▶ **About this exercise**:
What you give must be exactly the lines of the material from the first through the line that contains "unfolding hit_def by", inclusive, and no others.

▶ **Data extract**:
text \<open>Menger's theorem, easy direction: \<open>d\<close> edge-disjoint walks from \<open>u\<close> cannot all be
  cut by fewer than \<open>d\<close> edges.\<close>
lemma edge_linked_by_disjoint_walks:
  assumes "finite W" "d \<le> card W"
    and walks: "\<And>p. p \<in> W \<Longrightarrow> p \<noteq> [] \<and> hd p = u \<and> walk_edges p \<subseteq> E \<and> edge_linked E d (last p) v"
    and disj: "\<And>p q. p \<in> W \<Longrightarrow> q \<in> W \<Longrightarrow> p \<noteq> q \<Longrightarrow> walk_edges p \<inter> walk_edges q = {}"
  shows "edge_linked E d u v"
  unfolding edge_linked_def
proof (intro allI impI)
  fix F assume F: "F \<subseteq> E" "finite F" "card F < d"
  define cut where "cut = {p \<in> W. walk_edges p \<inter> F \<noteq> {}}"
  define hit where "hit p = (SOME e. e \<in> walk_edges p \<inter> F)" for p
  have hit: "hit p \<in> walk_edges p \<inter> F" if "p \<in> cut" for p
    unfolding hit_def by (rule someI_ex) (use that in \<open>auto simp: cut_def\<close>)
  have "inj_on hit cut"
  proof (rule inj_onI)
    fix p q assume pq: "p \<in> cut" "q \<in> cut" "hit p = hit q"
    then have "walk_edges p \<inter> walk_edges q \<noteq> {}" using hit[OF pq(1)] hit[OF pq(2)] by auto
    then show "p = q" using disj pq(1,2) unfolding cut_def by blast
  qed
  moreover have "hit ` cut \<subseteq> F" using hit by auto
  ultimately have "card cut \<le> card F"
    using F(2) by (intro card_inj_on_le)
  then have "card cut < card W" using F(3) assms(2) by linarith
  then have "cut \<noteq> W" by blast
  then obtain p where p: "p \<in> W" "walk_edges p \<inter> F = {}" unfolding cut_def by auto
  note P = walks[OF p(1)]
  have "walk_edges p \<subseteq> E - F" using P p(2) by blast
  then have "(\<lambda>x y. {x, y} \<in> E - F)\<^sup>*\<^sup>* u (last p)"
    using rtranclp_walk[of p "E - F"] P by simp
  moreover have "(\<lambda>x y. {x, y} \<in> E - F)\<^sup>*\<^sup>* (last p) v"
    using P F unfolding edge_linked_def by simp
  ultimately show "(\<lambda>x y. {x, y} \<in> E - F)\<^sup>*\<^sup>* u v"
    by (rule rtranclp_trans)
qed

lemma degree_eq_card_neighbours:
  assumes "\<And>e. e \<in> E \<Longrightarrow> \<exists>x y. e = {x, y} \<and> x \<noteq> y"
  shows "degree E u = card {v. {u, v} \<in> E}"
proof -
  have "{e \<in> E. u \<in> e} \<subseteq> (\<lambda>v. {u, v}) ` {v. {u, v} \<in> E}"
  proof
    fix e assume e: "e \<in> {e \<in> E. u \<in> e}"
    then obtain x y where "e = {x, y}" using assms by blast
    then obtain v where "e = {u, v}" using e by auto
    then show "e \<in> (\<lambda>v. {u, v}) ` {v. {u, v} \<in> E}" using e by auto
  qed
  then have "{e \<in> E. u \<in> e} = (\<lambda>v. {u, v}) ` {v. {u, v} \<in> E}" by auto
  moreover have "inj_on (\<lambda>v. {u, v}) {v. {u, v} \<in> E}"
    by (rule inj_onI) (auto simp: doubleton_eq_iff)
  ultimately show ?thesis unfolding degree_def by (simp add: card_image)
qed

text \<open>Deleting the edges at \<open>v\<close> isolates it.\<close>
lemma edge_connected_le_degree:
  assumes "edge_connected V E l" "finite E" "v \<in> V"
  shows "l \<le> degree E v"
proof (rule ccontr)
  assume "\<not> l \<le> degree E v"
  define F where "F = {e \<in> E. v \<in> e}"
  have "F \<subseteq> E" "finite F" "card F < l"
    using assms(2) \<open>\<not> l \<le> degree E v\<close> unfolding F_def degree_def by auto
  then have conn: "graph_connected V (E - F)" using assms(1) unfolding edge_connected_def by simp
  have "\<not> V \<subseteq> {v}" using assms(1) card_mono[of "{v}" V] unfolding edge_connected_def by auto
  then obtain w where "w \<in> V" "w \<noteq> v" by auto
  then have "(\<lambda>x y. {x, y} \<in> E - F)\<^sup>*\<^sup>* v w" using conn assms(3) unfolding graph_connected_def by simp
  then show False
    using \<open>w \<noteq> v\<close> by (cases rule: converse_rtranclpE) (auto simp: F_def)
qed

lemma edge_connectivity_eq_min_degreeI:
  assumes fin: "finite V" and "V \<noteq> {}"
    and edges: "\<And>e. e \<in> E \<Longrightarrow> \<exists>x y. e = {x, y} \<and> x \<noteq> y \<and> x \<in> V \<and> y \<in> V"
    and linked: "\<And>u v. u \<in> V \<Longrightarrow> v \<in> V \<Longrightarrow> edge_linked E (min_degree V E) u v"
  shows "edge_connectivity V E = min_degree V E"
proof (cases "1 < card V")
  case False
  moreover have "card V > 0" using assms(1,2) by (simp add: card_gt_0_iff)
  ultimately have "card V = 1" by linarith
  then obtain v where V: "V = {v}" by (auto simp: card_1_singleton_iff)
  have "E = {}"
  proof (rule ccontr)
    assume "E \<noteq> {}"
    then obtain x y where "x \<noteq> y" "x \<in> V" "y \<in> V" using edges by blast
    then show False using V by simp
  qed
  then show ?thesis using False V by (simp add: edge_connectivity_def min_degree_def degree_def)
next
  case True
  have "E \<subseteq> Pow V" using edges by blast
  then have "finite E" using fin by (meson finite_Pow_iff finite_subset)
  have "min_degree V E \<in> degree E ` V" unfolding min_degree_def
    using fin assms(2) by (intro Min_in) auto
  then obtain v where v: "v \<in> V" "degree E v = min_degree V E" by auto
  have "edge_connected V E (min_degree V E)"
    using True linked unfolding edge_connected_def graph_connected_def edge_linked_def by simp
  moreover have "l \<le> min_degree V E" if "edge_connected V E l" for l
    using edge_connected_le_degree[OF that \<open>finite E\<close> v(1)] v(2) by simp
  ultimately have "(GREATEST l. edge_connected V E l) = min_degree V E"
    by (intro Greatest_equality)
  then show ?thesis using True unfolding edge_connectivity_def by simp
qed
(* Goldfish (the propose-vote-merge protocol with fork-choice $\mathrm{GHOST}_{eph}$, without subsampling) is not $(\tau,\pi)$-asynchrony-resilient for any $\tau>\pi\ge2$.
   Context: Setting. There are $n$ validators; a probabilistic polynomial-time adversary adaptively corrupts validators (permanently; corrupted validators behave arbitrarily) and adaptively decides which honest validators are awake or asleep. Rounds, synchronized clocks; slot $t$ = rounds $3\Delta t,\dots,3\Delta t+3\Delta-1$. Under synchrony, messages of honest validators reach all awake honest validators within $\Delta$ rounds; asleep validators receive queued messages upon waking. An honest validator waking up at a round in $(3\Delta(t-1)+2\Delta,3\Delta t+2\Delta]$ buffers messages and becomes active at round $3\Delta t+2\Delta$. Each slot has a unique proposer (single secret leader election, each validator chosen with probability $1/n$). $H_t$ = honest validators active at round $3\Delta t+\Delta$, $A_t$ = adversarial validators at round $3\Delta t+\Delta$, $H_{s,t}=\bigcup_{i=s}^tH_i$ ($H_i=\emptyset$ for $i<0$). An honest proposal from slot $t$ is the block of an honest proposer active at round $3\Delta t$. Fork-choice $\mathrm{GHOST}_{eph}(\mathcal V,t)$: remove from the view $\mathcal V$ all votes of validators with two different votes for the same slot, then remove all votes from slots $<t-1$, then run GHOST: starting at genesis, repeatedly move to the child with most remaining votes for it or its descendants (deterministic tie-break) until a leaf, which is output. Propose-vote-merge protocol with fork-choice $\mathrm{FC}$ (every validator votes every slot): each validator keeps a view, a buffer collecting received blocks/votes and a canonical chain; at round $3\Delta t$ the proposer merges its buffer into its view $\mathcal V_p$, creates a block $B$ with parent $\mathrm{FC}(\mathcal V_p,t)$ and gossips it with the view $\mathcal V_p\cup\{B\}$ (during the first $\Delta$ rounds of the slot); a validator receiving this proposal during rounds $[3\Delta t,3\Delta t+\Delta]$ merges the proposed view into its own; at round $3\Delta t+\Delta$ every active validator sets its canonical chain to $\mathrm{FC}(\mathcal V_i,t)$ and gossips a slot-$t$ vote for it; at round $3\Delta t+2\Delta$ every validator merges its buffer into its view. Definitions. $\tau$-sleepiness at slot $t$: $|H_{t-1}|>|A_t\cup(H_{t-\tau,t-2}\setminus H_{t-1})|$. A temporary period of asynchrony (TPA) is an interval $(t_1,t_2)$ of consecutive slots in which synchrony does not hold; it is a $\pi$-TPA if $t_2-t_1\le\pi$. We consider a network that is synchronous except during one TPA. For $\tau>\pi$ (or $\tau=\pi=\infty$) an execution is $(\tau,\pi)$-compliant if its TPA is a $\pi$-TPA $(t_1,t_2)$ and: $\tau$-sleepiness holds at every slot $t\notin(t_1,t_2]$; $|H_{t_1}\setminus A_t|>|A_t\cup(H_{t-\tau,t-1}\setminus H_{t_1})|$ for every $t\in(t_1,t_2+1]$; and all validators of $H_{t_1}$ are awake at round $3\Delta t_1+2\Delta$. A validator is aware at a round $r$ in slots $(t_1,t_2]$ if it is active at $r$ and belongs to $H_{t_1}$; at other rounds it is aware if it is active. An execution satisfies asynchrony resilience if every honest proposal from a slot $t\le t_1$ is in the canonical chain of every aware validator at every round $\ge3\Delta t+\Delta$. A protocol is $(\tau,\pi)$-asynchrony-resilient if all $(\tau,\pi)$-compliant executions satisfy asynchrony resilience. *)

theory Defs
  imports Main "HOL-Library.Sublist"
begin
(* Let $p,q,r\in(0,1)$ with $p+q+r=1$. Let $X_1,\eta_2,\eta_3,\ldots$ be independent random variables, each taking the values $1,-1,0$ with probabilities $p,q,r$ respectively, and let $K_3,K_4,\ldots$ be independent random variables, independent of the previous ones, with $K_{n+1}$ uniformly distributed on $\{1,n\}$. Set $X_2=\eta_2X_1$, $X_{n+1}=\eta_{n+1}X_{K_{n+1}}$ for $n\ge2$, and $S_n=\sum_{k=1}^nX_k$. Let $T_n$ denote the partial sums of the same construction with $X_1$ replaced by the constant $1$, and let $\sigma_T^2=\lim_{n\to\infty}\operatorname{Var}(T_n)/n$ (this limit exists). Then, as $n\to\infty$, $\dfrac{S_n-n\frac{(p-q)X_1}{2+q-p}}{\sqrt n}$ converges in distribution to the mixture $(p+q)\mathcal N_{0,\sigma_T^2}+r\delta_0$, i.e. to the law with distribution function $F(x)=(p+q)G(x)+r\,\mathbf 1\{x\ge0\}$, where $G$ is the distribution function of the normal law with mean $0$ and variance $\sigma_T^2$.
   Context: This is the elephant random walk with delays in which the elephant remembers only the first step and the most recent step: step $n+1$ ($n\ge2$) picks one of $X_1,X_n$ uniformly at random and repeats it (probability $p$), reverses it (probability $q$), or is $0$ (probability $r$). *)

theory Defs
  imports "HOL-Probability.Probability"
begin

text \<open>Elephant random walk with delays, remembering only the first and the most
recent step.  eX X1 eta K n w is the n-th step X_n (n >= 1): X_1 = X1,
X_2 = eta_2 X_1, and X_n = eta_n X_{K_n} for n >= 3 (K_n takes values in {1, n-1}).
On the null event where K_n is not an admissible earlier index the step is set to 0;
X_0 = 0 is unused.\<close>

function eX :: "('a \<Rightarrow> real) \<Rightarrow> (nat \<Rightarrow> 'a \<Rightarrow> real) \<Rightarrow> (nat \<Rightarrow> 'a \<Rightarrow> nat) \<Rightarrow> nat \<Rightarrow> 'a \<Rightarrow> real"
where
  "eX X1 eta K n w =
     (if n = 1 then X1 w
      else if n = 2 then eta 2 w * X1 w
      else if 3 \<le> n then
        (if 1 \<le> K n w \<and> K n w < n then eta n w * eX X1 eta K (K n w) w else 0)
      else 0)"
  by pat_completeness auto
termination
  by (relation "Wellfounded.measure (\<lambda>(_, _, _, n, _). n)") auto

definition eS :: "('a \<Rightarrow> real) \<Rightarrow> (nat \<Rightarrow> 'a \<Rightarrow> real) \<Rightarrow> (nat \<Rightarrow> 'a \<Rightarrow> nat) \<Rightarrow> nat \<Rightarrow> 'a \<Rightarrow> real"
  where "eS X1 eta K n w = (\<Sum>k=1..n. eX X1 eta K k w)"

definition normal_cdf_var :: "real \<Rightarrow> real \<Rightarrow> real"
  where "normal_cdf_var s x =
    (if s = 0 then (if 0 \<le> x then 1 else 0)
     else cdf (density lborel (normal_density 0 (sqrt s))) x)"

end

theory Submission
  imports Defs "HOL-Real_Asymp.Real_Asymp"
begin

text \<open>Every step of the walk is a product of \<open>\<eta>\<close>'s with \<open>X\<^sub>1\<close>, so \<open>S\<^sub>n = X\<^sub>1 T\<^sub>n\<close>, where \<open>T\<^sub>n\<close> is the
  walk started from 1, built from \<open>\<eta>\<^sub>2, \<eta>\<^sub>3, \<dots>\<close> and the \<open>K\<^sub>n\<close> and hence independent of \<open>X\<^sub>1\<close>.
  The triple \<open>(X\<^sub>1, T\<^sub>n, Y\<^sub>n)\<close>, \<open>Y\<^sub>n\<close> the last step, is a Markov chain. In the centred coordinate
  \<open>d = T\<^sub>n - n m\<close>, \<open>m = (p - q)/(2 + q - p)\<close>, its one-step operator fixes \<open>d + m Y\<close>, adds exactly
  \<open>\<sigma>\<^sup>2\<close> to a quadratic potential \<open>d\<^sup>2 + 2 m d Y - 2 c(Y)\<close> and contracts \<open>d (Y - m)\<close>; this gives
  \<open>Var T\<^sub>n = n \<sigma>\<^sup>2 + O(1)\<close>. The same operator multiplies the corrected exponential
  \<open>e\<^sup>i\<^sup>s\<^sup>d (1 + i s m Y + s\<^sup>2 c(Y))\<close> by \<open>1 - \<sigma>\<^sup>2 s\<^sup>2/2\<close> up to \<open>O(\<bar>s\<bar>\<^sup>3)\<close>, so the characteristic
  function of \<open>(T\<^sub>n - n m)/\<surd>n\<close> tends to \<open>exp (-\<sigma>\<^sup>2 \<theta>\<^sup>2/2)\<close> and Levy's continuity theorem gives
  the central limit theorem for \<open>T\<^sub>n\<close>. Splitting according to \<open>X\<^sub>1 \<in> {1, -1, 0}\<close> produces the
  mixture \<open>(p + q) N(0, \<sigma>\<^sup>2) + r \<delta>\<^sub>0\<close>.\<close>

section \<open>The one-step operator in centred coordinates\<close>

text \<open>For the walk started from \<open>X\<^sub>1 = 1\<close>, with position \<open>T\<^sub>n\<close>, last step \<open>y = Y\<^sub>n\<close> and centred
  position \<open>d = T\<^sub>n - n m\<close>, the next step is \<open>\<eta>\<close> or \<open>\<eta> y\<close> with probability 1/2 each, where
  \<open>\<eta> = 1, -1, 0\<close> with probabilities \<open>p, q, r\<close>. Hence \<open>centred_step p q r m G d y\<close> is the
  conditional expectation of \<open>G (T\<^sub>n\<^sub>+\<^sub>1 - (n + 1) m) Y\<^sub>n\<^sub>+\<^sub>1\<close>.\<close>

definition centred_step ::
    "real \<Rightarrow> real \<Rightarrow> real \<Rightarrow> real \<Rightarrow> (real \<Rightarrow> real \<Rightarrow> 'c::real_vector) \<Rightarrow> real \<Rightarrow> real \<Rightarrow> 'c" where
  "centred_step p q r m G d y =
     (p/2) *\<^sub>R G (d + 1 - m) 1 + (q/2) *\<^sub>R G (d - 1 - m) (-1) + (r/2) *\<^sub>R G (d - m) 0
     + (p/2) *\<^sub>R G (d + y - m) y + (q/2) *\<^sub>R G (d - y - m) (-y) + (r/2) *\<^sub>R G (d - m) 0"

▶ **Task answer**:
text \<open>Menger's theorem, easy direction: \<open>d\<close> edge-disjoint walks from \<open>u\<close> cannot all be
  cut by fewer than \<open>d\<close> edges.\<close>
lemma edge_linked_by_disjoint_walks:
  assumes "finite W" "d \<le> card W"
    and walks: "\<And>p. p \<in> W \<Longrightarrow> p \<noteq> [] \<and> hd p = u \<and> walk_edges p \<subseteq> E \<and> edge_linked E d (last p) v"
    and disj: "\<And>p q. p \<in> W \<Longrightarrow> q \<in> W \<Longrightarrow> p \<noteq> q \<Longrightarrow> walk_edges p \<inter> walk_edges q = {}"
  shows "edge_linked E d u v"
  unfolding edge_linked_def
proof (intro allI impI)
  fix F assume F: "F \<subseteq> E" "finite F" "card F < d"
  define cut where "cut = {p \<in> W. walk_edges p \<inter> F \<noteq> {}}"
  define hit where "hit p = (SOME e. e \<in> walk_edges p \<inter> F)" for p
  have hit: "hit p \<in> walk_edges p \<inter> F" if "p \<in> cut" for p
    unfolding hit_def by (rule someI_ex) (use that in \<open>auto simp: cut_def\<close>)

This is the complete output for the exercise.